--- ENTRIES SHOWN Enclosed Below ---

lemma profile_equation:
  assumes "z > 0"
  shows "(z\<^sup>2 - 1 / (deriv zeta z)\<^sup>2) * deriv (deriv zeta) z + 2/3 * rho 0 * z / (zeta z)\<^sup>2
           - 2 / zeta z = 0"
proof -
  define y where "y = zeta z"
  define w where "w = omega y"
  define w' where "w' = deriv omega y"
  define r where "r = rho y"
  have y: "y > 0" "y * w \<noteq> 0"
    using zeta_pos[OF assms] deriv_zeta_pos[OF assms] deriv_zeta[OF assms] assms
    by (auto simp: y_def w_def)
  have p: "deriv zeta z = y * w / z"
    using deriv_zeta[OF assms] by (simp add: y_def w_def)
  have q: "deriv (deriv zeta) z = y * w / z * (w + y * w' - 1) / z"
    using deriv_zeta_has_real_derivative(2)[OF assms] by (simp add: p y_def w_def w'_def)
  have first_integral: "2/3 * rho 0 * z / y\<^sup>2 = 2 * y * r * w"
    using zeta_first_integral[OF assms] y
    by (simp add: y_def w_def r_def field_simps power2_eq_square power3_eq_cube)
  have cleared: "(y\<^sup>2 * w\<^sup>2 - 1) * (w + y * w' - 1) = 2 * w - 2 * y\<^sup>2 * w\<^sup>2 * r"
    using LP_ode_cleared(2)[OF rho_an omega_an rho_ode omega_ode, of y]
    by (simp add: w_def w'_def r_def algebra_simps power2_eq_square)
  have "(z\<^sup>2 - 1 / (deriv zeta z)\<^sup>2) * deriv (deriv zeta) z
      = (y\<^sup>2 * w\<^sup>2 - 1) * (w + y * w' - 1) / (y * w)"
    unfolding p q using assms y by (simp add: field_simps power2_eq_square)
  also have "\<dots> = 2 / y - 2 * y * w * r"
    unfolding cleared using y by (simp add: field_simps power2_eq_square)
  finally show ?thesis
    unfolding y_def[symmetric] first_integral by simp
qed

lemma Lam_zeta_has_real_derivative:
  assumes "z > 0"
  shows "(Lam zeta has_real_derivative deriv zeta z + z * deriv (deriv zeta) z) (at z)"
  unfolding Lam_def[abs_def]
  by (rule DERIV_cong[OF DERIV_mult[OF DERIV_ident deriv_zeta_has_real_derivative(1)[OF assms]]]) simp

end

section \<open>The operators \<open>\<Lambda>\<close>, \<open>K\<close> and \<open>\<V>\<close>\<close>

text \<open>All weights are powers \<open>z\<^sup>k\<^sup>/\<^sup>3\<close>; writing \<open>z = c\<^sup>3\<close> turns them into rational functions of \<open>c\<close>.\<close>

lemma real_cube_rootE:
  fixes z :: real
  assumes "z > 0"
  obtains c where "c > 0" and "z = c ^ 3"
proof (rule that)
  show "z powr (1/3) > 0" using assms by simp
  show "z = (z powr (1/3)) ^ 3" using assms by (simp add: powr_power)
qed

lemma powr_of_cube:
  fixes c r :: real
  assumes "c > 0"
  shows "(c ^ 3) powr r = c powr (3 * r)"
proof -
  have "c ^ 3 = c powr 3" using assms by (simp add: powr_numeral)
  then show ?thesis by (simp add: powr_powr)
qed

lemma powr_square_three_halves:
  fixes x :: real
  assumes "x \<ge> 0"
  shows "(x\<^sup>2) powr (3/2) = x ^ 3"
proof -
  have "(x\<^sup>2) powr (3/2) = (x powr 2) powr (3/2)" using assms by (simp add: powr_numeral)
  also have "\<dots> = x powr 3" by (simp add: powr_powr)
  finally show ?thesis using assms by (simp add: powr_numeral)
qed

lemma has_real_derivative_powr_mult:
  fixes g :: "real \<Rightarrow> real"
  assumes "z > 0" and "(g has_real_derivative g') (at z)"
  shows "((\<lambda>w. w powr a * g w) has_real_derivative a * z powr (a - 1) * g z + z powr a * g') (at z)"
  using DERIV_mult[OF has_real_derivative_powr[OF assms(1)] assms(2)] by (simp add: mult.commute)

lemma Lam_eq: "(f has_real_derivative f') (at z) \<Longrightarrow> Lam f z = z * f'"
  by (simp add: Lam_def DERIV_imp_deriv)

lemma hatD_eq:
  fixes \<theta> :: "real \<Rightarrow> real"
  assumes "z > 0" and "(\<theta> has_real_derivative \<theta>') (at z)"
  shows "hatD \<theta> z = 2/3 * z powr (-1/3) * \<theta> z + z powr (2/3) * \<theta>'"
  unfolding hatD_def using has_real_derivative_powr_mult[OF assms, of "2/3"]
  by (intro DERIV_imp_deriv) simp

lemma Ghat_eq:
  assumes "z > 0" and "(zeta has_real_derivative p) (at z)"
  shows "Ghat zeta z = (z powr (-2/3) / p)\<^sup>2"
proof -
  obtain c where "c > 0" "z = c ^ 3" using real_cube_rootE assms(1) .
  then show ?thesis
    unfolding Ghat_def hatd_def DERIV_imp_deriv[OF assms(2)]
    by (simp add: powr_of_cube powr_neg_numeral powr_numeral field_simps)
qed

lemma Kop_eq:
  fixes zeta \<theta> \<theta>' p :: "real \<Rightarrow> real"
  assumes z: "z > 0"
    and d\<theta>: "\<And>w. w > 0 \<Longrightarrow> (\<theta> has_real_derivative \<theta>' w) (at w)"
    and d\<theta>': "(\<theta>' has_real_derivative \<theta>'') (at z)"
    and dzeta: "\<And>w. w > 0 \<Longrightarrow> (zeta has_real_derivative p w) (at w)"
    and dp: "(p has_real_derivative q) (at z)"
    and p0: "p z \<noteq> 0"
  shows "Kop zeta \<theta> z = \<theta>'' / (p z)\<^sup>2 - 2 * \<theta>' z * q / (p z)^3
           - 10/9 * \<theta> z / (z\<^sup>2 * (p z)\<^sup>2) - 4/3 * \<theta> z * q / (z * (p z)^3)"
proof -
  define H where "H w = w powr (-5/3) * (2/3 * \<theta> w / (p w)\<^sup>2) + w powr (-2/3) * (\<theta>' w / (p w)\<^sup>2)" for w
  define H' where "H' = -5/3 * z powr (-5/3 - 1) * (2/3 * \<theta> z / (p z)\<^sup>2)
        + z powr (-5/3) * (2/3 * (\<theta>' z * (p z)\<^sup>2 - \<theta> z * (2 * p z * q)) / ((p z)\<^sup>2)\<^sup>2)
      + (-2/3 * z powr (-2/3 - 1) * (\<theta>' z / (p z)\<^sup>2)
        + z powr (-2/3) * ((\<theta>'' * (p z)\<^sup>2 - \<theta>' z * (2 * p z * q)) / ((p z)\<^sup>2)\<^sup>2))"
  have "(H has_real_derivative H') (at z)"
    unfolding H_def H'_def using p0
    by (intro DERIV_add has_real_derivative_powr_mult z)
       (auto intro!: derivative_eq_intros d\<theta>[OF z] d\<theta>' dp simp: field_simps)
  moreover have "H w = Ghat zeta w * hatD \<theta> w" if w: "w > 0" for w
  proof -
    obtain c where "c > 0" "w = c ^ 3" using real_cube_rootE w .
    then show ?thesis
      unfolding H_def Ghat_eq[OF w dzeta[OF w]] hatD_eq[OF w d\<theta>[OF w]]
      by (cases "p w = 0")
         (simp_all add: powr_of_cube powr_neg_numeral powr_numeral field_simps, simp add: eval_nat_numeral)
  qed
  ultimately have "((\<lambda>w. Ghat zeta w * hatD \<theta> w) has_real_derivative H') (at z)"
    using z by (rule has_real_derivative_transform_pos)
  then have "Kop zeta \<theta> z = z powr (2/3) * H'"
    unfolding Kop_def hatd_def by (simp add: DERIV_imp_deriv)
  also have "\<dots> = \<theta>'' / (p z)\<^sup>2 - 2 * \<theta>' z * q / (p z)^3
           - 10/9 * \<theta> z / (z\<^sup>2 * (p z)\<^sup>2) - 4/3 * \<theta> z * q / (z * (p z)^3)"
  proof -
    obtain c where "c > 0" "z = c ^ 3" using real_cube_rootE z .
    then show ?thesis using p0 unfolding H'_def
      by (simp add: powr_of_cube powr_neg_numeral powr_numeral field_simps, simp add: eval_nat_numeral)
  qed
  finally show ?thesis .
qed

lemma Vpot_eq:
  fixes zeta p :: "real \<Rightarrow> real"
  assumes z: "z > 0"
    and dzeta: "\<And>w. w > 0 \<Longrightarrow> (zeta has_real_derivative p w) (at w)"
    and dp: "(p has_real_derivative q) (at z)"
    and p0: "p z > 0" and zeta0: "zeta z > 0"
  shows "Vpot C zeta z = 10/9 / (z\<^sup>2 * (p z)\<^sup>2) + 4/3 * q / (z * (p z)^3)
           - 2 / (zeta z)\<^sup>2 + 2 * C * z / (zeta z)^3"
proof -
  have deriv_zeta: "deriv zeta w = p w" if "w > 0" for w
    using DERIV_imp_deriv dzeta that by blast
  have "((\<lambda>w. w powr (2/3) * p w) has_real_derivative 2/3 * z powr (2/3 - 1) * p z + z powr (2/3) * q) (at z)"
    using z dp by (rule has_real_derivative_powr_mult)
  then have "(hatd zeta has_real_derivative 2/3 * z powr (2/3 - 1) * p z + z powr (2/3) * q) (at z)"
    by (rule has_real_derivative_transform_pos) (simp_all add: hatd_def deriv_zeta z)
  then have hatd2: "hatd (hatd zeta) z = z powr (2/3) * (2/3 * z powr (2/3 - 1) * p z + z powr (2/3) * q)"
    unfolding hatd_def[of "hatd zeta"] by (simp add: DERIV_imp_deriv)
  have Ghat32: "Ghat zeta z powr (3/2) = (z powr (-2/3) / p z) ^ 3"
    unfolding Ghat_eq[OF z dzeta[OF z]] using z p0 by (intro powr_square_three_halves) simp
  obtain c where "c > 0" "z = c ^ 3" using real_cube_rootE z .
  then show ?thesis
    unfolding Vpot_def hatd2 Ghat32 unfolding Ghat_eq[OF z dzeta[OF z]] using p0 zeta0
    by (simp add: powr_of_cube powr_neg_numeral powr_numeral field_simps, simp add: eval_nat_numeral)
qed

--- End of Enclosed ENTRIES SHOWN ---

Looking at the data above, write out exactly the lines that start at the one containing "z = \<theta>''" and end at the one containing "(\<theta>' z / (p z)\<^sup>2)"; include both and nothing beyond.

* RESPONSE *
  shows "Kop zeta \<theta> z = \<theta>'' / (p z)\<^sup>2 - 2 * \<theta>' z * q / (p z)^3
           - 10/9 * \<theta> z / (z\<^sup>2 * (p z)\<^sup>2) - 4/3 * \<theta> z * q / (z * (p z)^3)"
proof -
  define H where "H w = w powr (-5/3) * (2/3 * \<theta> w / (p w)\<^sup>2) + w powr (-2/3) * (\<theta>' w / (p w)\<^sup>2)" for w
  define H' where "H' = -5/3 * z powr (-5/3 - 1) * (2/3 * \<theta> z / (p z)\<^sup>2)
        + z powr (-5/3) * (2/3 * (\<theta>' z * (p z)\<^sup>2 - \<theta> z * (2 * p z * q)) / ((p z)\<^sup>2)\<^sup>2)
      + (-2/3 * z powr (-2/3 - 1) * (\<theta>' z / (p z)\<^sup>2)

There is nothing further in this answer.